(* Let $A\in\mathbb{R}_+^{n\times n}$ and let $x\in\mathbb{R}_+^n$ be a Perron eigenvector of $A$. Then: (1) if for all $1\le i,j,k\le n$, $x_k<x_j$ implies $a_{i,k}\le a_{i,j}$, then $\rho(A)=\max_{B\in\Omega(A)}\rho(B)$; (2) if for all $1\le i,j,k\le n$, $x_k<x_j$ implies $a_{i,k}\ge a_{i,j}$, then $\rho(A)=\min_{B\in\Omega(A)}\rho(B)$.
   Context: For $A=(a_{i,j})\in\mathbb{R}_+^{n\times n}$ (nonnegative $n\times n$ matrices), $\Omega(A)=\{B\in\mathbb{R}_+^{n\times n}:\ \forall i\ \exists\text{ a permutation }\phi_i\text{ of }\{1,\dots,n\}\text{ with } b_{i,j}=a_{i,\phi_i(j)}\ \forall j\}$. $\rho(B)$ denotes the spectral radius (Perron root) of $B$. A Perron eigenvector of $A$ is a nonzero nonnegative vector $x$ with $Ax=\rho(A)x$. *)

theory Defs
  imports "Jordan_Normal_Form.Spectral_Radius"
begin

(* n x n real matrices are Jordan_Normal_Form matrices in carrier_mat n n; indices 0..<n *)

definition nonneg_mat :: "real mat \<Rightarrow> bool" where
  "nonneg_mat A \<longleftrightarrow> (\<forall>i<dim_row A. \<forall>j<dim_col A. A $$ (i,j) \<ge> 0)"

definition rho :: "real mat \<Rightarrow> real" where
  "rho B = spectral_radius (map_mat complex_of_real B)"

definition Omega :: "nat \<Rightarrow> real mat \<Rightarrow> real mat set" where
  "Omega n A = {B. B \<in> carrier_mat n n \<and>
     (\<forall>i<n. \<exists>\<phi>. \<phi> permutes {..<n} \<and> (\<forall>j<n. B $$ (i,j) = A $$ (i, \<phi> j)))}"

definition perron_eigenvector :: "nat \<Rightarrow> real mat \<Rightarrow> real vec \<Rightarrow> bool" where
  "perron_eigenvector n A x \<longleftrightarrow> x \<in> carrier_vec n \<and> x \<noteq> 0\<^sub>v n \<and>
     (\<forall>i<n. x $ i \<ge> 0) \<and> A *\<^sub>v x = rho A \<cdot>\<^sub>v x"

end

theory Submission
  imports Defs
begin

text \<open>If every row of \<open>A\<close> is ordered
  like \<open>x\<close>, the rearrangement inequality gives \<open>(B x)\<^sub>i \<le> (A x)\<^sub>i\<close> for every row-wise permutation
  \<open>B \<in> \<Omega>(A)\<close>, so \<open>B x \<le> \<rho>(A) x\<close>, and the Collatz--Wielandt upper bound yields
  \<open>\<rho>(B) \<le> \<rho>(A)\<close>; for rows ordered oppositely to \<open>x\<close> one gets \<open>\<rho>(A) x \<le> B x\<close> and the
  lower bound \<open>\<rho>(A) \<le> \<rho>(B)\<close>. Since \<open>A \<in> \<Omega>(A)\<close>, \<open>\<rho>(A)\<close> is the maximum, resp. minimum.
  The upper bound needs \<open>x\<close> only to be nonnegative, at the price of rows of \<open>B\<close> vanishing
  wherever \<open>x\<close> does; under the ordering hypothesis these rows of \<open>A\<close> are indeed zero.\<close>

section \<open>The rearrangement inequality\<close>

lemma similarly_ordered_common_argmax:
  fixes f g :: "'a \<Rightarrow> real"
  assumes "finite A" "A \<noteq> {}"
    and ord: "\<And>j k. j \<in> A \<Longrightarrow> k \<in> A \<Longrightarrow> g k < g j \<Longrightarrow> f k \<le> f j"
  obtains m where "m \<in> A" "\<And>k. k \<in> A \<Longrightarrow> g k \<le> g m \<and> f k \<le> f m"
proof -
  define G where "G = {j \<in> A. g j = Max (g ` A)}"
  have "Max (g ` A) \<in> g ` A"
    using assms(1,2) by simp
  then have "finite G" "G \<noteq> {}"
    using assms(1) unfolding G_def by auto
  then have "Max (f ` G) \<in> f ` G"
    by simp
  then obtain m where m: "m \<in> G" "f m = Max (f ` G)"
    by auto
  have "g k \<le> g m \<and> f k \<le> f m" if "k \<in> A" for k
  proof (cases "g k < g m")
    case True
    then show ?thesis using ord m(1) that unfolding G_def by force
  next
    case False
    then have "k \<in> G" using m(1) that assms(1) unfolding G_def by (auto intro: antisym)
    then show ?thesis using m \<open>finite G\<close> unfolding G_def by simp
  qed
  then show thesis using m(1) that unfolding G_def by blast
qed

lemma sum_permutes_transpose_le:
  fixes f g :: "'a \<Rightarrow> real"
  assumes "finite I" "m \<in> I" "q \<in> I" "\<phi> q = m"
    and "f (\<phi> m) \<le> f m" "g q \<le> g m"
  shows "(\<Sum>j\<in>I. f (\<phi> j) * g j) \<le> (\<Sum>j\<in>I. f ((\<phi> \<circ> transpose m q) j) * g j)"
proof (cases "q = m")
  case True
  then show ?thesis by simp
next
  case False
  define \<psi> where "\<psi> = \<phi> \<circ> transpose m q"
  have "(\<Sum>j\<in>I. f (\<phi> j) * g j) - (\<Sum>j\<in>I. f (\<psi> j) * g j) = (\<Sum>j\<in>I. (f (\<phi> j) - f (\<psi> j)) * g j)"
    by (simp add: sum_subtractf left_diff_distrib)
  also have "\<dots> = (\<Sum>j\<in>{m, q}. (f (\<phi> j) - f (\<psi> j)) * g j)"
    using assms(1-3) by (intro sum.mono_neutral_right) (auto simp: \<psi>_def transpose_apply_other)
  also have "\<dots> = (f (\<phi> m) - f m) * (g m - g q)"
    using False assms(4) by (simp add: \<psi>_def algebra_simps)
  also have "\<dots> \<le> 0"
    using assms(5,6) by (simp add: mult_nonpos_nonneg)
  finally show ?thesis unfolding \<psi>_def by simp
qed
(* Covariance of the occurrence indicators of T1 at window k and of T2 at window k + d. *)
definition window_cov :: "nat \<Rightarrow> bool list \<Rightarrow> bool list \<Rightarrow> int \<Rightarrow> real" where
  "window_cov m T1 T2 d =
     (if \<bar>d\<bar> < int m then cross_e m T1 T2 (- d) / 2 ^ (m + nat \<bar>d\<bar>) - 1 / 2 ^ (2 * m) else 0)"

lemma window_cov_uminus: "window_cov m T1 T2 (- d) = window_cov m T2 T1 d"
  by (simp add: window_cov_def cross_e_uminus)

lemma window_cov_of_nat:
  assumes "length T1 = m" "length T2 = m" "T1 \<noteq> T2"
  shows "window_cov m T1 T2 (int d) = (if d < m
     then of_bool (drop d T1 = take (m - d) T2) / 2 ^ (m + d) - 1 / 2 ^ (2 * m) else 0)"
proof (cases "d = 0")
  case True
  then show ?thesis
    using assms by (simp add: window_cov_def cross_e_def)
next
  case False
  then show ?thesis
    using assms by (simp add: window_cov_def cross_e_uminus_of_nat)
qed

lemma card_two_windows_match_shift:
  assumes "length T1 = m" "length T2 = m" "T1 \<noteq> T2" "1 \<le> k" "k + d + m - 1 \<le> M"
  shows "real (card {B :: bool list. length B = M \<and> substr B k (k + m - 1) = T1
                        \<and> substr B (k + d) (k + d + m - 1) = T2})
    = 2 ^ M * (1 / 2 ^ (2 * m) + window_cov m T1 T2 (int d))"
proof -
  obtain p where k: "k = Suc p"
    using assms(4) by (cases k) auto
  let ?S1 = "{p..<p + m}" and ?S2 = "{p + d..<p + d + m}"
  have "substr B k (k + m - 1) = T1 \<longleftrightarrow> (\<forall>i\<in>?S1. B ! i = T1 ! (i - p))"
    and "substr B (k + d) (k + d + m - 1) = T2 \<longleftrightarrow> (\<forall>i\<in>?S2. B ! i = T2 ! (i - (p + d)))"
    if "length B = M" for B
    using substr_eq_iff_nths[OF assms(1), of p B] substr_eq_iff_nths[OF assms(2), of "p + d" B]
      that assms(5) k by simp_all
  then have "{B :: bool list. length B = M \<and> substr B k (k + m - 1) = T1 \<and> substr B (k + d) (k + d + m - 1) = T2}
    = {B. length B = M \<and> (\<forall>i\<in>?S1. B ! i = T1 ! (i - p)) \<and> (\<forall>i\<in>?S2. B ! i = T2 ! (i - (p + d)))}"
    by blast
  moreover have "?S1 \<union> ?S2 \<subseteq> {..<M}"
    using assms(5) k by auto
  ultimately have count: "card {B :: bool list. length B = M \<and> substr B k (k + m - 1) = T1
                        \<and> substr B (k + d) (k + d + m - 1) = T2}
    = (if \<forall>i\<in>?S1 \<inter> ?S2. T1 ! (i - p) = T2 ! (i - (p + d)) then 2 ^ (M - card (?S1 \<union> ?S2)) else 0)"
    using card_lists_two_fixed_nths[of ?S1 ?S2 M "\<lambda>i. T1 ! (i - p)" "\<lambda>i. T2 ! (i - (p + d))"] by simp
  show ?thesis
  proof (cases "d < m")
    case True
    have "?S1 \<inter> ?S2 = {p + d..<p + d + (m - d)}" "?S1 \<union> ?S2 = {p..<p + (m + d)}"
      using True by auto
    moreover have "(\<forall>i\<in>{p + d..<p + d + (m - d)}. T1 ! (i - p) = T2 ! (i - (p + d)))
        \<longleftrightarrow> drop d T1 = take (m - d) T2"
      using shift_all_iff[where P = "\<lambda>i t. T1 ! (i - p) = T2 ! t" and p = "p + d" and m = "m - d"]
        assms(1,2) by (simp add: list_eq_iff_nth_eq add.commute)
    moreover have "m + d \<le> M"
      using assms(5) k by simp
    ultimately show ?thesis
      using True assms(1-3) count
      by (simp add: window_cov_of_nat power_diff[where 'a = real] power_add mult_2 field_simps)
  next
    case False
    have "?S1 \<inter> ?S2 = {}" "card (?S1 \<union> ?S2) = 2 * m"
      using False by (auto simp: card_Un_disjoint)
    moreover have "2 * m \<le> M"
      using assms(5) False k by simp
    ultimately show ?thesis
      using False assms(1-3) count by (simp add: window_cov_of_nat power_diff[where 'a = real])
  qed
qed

· · · · · · ·

→ WHAT YOU SHOULD DO: Return exactly, and only, the lines from the start of the listing through the line with "(\<forall>i<n. \<exists>\<phi>. \<phi>".

→ SOLVED PROBLEM:
(* Let $A\in\mathbb{R}_+^{n\times n}$ and let $x\in\mathbb{R}_+^n$ be a Perron eigenvector of $A$. Then: (1) if for all $1\le i,j,k\le n$, $x_k<x_j$ implies $a_{i,k}\le a_{i,j}$, then $\rho(A)=\max_{B\in\Omega(A)}\rho(B)$; (2) if for all $1\le i,j,k\le n$, $x_k<x_j$ implies $a_{i,k}\ge a_{i,j}$, then $\rho(A)=\min_{B\in\Omega(A)}\rho(B)$.
   Context: For $A=(a_{i,j})\in\mathbb{R}_+^{n\times n}$ (nonnegative $n\times n$ matrices), $\Omega(A)=\{B\in\mathbb{R}_+^{n\times n}:\ \forall i\ \exists\text{ a permutation }\phi_i\text{ of }\{1,\dots,n\}\text{ with } b_{i,j}=a_{i,\phi_i(j)}\ \forall j\}$. $\rho(B)$ denotes the spectral radius (Perron root) of $B$. A Perron eigenvector of $A$ is a nonzero nonnegative vector $x$ with $Ax=\rho(A)x$. *)

theory Defs
  imports "Jordan_Normal_Form.Spectral_Radius"
begin

(* n x n real matrices are Jordan_Normal_Form matrices in carrier_mat n n; indices 0..<n *)

definition nonneg_mat :: "real mat \<Rightarrow> bool" where
  "nonneg_mat A \<longleftrightarrow> (\<forall>i<dim_row A. \<forall>j<dim_col A. A $$ (i,j) \<ge> 0)"

definition rho :: "real mat \<Rightarrow> real" where
  "rho B = spectral_radius (map_mat complex_of_real B)"

definition Omega :: "nat \<Rightarrow> real mat \<Rightarrow> real mat set" where
  "Omega n A = {B. B \<in> carrier_mat n n \<and>
     (\<forall>i<n. \<exists>\<phi>. \<phi> permutes {..<n} \<and> (\<forall>j<n. B $$ (i,j) = A $$ (i, \<phi> j)))}"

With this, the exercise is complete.